Half of the Lakefront now is closed off, unfit for anyone to go near. What's left is overgrown with grass, and unkempt. The benches and picnic areas were never restored. They are now just heaps of bricks and piles of wood and debris. Most of those beautiful Lakefront properties lay desolate. Many of the property owners were too afraid to return. It's like a ghost town there. It's just awful. Oh, the Lakefront was so beautiful. How can anyone let such beauty waste away is beyond me.
We did manage to enjoy some good eats while we were down there. My husband and I ate our first "Po'Boy" sandwich in almost four years (I had a catfish sandwich, and he had a hot sausage and cheese sandwich). That french bread is the best bread in the world, in my opinion. And it was fresh! Like they had just taken it out of the oven that day! We also managed to get some beignets and cafe' au lait, some pulled pork, barbecued baked beans and homemade rolls from Corky's barbecue, some sweet treats from Gambino's Bakery, and Big Shot Sodas! I am so full! LOL
The people that are left in New Orleans are still as friendly as ever, easy to smile and give you a great, big hug. The love is still there, but you can tell that they are fragile. So much has happened to try and break their spirits. I have seen and heard more depressing things this weekend then I care to admit. But I am glad that I went. New Orleans is my home, always will be. It's where I came from, and I will never forget that. My husband and I are already talking about going back again.

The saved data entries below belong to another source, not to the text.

lemma x_tilde_eq_0:
  assumes "i \<notin> I"
  shows "x_tilde Ah I J b i = 0"
  using assms someI_ex[of "\<lambda>x. (\<forall>i. i \<notin> I \<longrightarrow> x i = 0) \<and> (\<forall>j\<in>J. (\<Sum>i\<in>I. Ah j i * x i) = b j)"]
  by (auto simp: x_tilde_def Let_def)

lemma alg_x_eq_0:
  "i \<notin> I \<Longrightarrow> alg_x \<gamma> \<phi> d1 C N I J c ws n i = 0"
  unfolding alg_x_def alg_x_step_def proj_ball_def by (simp add: x_tilde_eq_0)

lemma alg_c_eq_sum:
  "1 \<le> k \<Longrightarrow> alg_c \<gamma> \<phi> d1 C N I J c ws k j = real N * c j -
     (\<Sum>n\<in>{1..<k}. \<Sum>i\<in>I. A_samp \<gamma> \<phi> ws n j i * alg_x \<gamma> \<phi> d1 C N I J c ws n i)"
proof (induction k)
  case (Suc k)
  show ?case
  proof (cases k)
    case (Suc m)
    have "{1..<Suc (Suc m)} = insert (Suc m) {1..<Suc m}" by auto
    with Suc.IH show ?thesis
      unfolding Suc by (simp add: Let_def alg_x_def)
  qed simp
qed simp

lemma expectation_alg_c:
  fixes P :: "'s::finite \<Rightarrow> 'act::finite \<Rightarrow> 's pmf"
  assumes "j \<in> J"
  shows "measure_pmf.expectation (samples_pmf P N J) (\<lambda>ws. alg_c \<gamma> \<phi> d1 C N I J c ws (N + 1) j)
       = real N * c j - (\<Sum>n\<in>{1..N}. \<Sum>i\<in>I. A_mat \<gamma> P \<phi> j i *
           measure_pmf.expectation (samples_pmf P N J) (\<lambda>ws. alg_x \<gamma> \<phi> d1 C N I J c ws n i))"
proof -
  let ?E = "measure_pmf.expectation (samples_pmf P N J)"
  let ?x = "\<lambda>ws n. alg_x \<gamma> \<phi> d1 C N I J c ws n"
  have int: "integrable (measure_pmf (samples_pmf P N J)) f" for f :: "_ \<Rightarrow> real"
    by (rule integrable_measure_pmf_finite[OF finite_set_samples_pmf])
  have x_past: "?x (ws(n := y)) n i = ?x ws n i" for ws n y i
    by (simp add: alg_x_cong[of n "ws(n := y)" ws])
  have "?E (\<lambda>ws. alg_c \<gamma> \<phi> d1 C N I J c ws (N + 1) j)
      = ?E (\<lambda>ws. real N * c j - (\<Sum>n\<in>{1..N}. \<Sum>i\<in>I. A_samp \<gamma> \<phi> ws n j i * ?x ws n i))"
    by (simp add: alg_c_eq_sum atLeastLessThanSuc_atLeastAtMost)
  also have "\<dots> = real N * c j - (\<Sum>n\<in>{1..N}. \<Sum>i\<in>I. ?E (\<lambda>ws. A_samp \<gamma> \<phi> ws n j i * ?x ws n i))"
    by (simp add: int integral_sum)
  also have "\<dots> = real N * c j - (\<Sum>n\<in>{1..N}. \<Sum>i\<in>I. A_mat \<gamma> P \<phi> j i * ?E (\<lambda>ws. ?x ws n i))"
    using assms x_past by (simp add: expectation_A_samp_mult)
  finally show ?thesis .
qed

lemma V_LP_eq_objective:
  "lp_optimal d1 K A c r x \<Longrightarrow> V_LP d1 K A c r = (\<Sum>i<d1. r i * x i)"
  unfolding V_LP_def lp_optimal_def by (rule cSup_eq_maximum) auto

lemma objective_eq_dual_objective:
  fixes d1 :: nat and A :: "'j \<Rightarrow> nat \<Rightarrow> real" and r x :: "nat \<Rightarrow> real"
  assumes I: "I \<subseteq> {..<d1}" and x_supp: "\<And>i. i \<notin> I \<Longrightarrow> x i = 0"
    and primal: "\<And>j. j \<in> J \<Longrightarrow> (\<Sum>i\<in>I. A j i * x i) = c j"
    and dual: "\<And>i. i \<in> I \<Longrightarrow> (\<Sum>j\<in>J. A j i * y j) = r i"
  shows "(\<Sum>i<d1. r i * x i) = (\<Sum>j\<in>J. y j * c j)"
proof -
  have "(\<Sum>i<d1. r i * x i) = (\<Sum>i\<in>I. r i * x i)"
    using I x_supp by (intro sum.mono_neutral_right) auto
  also have "\<dots> = (\<Sum>i\<in>I. \<Sum>j\<in>J. A j i * y j * x i)"
    by (rule sum.cong) (simp_all add: dual[symmetric] sum_distrib_right)
  also have "\<dots> = (\<Sum>j\<in>J. y j * (\<Sum>i\<in>I. A j i * x i))"
    by (subst sum.swap) (simp add: sum_distrib_left algebra_simps)
  also have "\<dots> = (\<Sum>j\<in>J. y j * c j)"
    by (simp add: primal)
  finally show ?thesis .
qed

lemma expectation_objective_alg_x:
  fixes P :: "'s::finite \<Rightarrow> 'act::finite \<Rightarrow> 's pmf" and d1 :: nat
  assumes "I \<subseteq> {..<d1}"
  shows "measure_pmf.expectation (samples_pmf P N J)
           (\<lambda>ws. \<Sum>i<d1. r i * alg_x \<gamma> \<phi> d1 C N I J c ws n i)
       = (\<Sum>i\<in>I. r i * measure_pmf.expectation (samples_pmf P N J)
           (\<lambda>ws. alg_x \<gamma> \<phi> d1 C N I J c ws n i))"
proof -
  let ?E = "measure_pmf.expectation (samples_pmf P N J)"
  have "?E (\<lambda>ws. \<Sum>i<d1. r i * alg_x \<gamma> \<phi> d1 C N I J c ws n i)
      = (\<Sum>i<d1. r i * ?E (\<lambda>ws. alg_x \<gamma> \<phi> d1 C N I J c ws n i))"
    by (simp add: integrable_measure_pmf_finite[OF finite_set_samples_pmf] integral_sum)
  also have "\<dots> = (\<Sum>i\<in>I. r i * ?E (\<lambda>ws. alg_x \<gamma> \<phi> d1 C N I J c ws n i))"
    using assms by (intro sum.mono_neutral_right) (auto simp: alg_x_eq_0)
  finally show ?thesis .
qed
(* Let $m\ge2$, $n\ge1$, $k\ge1$ an integer, and $\mathcal{A}=(a_{i_1i_2\cdots i_m})\in\mathbb{R}_+^{[m,n]}$ with $r_i(\mathcal{A})\neq0$ for all $i\in[n]$. Then \[\min_{i\in[n]}\frac{r_i(\mathcal{A}^{k+1})}{(r_i(\mathcal{A}^k))^{m-1}}\le\rho(\mathcal{A})\le\max_{i\in[n]}\frac{r_i(\mathcal{A}^{k+1})}{(r_i(\mathcal{A}^k))^{m-1}}.\]
   Context: $[n]=\{1,\ldots,n\}$. $\mathbb{R}_+^{[m,n]}$ denotes the set of order $m$, dimension $n$ tensors $\mathcal{A}=(a_{i_1\cdots i_m})$, $i_j\in[n]$, with nonnegative real entries. For a tensor $\mathcal{T}=(t_{i_1\cdots i_p})$ of order $p$ and dimension $n$, $r_i(\mathcal{T})=\sum_{i_2,\ldots,i_p=1}^n|t_{ii_2\cdots i_p}|$. General product: for $\mathcal{A}$ of order $m\ge2$ and $\mathcal{B}$ of order $q\ge1$ (dimension $n$), $\mathcal{A}\mathcal{B}=(c_{i\alpha_1\cdots\alpha_{m-1}})$ is the order $(m-1)(q-1)+1$, dimension $n$ tensor with $c_{i\alpha_1\cdots\alpha_{m-1}}=\sum_{i_2,\ldots,i_m=1}^n a_{ii_2\cdots i_m}b_{i_2\alpha_1}\cdots b_{i_m\alpha_{m-1}}$, $i\in[n]$, $\alpha_j\in[n]^{q-1}$ (where $b_{j\alpha}$ with $\alpha=(j_2,\ldots,j_q)$ means $b_{jj_2\cdots j_q}$). Powers: $\mathcal{A}^1=\mathcal{A}$, $\mathcal{A}^{j+1}=\mathcal{A}\mathcal{A}^j$. Eigenvalues: $\lambda\in\mathbb{C}$ is an eigenvalue of $\mathcal{A}$ if there is a nonzero $x\in\mathbb{C}^n$ with $\sum_{i_2,\ldots,i_m=1}^n a_{ii_2\cdots i_m}x_{i_2}\cdots x_{i_m}=\lambda x_i^{m-1}$ for all $i\in[n]$; $\rho(\mathcal{A})$ is the maximum modulus of the eigenvalues of $\mathcal{A}$. *)

theory Defs
  imports Complex_Main
begin

text \<open>Tensors of order p and dimension n are represented as functions
  from index lists (of length p, entries in {0..<n}, i.e. [n] shifted to 0-based)
  to scalars. Entries outside this index domain are irrelevant.\<close>

definition idx :: "nat \<Rightarrow> nat \<Rightarrow> nat list set" where
  "idx n p = {xs. length xs = p \<and> set xs \<subseteq> {..<n}}"

definition rsum :: "nat \<Rightarrow> nat \<Rightarrow> (nat list \<Rightarrow> real) \<Rightarrow> nat \<Rightarrow> real" where
  "rsum n p T i = (\<Sum>xs\<in>idx n (p - 1). \<bar>T (i # xs)\<bar>)"

text \<open>General product AB, A of order m, B of order q (dimension n). The result has
  order (m-1)(q-1)+1; its index list is i followed by alpha_1 ... alpha_{m-1},
  each alpha_j of length q-1.\<close>
definition tprod :: "nat \<Rightarrow> nat \<Rightarrow> nat \<Rightarrow> (nat list \<Rightarrow> real) \<Rightarrow> (nat list \<Rightarrow> real) \<Rightarrow> (nat list \<Rightarrow> real)" where
  "tprod n m q A B = (\<lambda>ix.
     (\<Sum>is\<in>idx n (m - 1). A (hd ix # is) *
        (\<Prod>j<m - 1. B ((is ! j) # take (q - 1) (drop (j * (q - 1)) (tl ix))))))"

We need to do what's best for the family right now, but there's no harm in staying connected.
Thanks for the comments to my blog about Professor Gates. Here is another article that supports the point that I was trying to make here. It is my desire that the citizens in this country strive to start respecting one another as individuals. I believe that the only way that this can happen is when we start letting go of past hurts, pains, and injustices, start respecting and loving ourselves (insecurity and self-loathing plague the African-American community in this country), stop with all of the seperatism and biases, cease the infighting, colorism, and racism that is present in ALL races (it's not just black vs. white; there are racist and colorist black people, too), and start accepting one another. And if we want others to respect us as individuals, we must show respect, too. Put your character and integrity on display. Behave in a manner that draws attention to your personhood, not your race. This can be done, but we have to rise above the pettiness that is prevalent in this society. Let's grow up already!